TASK STATEMENT: Your task is to repeat exactly the lines below between the line holding "h = (\<integral>x." and the line holding "S \<and> (\<forall>u\<in>S.", inclusive, and only those.
*** STUDY MATERIAL Section Begins ***
(* Let $(\mathcal{X},\mathcal{B},\lambda)$ be a measure space with $\lambda$ positive and $\sigma$-finite, and $P$ a probability measure on it with density $f\in\mathcal{L}^2(\mathcal{X},\lambda)$ with respect to $\lambda$. Let $X_1,\dots,X_N$ be i.i.d. with law $P$. Let $f_1,\dots,f_m\in\mathcal{L}^2$ with $D_k=\int f_k^2d\lambda>0$, and assume condition $\mathcal{H}(p)$ (see context) holds for some $p\in[1,+\infty]$. Then for every $\varepsilon>0$, $$P^{\otimes N}\left\{\forall k\in\{1,\dots,m\},\ f\in\mathcal{CR}_{k,\varepsilon}\right\}\ge 1-\varepsilon.$$
   Context: $d^2(g,h)=\int(g-h)^2d\lambda$ on $\mathcal{L}^2=\mathcal{L}^2(\mathcal{X},\lambda)$. $\hat\alpha_k=\frac{\frac1N\sum_{i=1}^Nf_k(X_i)}{D_k}$. $\mathcal{M}_k=\{\alpha f_k:\alpha\in\mathbb{R}\}$ and $\Pi_{\mathcal{M}_k}$ is the orthogonal projection onto $\mathcal{M}_k$ in $\mathcal{L}^2$. Condition $\mathcal{H}(p)$: for $1<p<\infty$ with $\frac1p+\frac1q=1$, there are known constants $c,c_1,\dots,c_m>0$ with $(\int|f_k|^{2p}d\lambda)^{1/p}\le c_k\int f_k^2d\lambda$ for all $k$ and $(\int|f|^qd\lambda)^{1/q}\le c$; for $p=1$: $f\le c$ everywhere and $c_k=1$; for $p=\infty$: $|f_k|\le\sqrt{c_kD_k}$ everywhere and $c=1$. $C_k=c_kc$. Define $$\beta(\varepsilon,k)=\frac{4\left[1+\log\frac{2m}{\varepsilon}\right]}{N}\left[\frac{\frac1N\sum_{i=1}^Nf_k(X_i)^2}{D_k}+C_k\right],\qquad \mathcal{CR}_{k,\varepsilon}=\left\{g\in\mathcal{L}^2: d^2(\hat\alpha_kf_k,\Pi_{\mathcal{M}_k}g)\le\beta(\varepsilon,k)\right\}.$$ *)

theory Defs
  imports "HOL-Probability.Probability"
begin

definition L2 :: "'a measure \<Rightarrow> ('a \<Rightarrow> real) set" where
  "L2 M = {g. g \<in> borel_measurable M \<and> integrable M (\<lambda>x. (g x)\<^sup>2)}"

definition dist2 :: "'a measure \<Rightarrow> ('a \<Rightarrow> real) \<Rightarrow> ('a \<Rightarrow> real) \<Rightarrow> real" where
  "dist2 M g h = (\<integral>x. (g x - h x)\<^sup>2 \<partial>M)"

definition Dnorm :: "'a measure \<Rightarrow> ('a \<Rightarrow> real) \<Rightarrow> real" where
  "Dnorm M fk = (\<integral>x. (fk x)\<^sup>2 \<partial>M)"

definition span1 :: "('a \<Rightarrow> real) \<Rightarrow> ('a \<Rightarrow> real) set" where
  "span1 fk = {(\<lambda>x. \<alpha> * fk x) | \<alpha>. True}"

definition orth_proj :: "'a measure \<Rightarrow> ('a \<Rightarrow> real) set \<Rightarrow> ('a \<Rightarrow> real) \<Rightarrow> ('a \<Rightarrow> real)" where
  "orth_proj M S g = (THE h. h \<in> S \<and> (\<forall>u\<in>S. (\<integral>x. (g x - h x) * u x \<partial>M) = 0))"

definition alpha_hat :: "'a measure \<Rightarrow> nat \<Rightarrow> ('a \<Rightarrow> real) \<Rightarrow> (nat \<Rightarrow> 'a) \<Rightarrow> real" where
  "alpha_hat M N fk \<omega> = ((1 / real N) * (\<Sum>i\<in>{1..N}. fk (\<omega> i))) / Dnorm M fk"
*** STUDY MATERIAL Section Ends ***
RESULT OF THIS TASK:
  "dist2 M g h = (\<integral>x. (g x - h x)\<^sup>2 \<partial>M)"

definition Dnorm :: "'a measure \<Rightarrow> ('a \<Rightarrow> real) \<Rightarrow> real" where
  "Dnorm M fk = (\<integral>x. (fk x)\<^sup>2 \<partial>M)"

definition span1 :: "('a \<Rightarrow> real) \<Rightarrow> ('a \<Rightarrow> real) set" where
  "span1 fk = {(\<lambda>x. \<alpha> * fk x) | \<alpha>. True}"

definition orth_proj :: "'a measure \<Rightarrow> ('a \<Rightarrow> real) set \<Rightarrow> ('a \<Rightarrow> real) \<Rightarrow> ('a \<Rightarrow> real)" where
  "orth_proj M S g = (THE h. h \<in> S \<and> (\<forall>u\<in>S. (\<integral>x. (g x - h x) * u x \<partial>M) = 0))"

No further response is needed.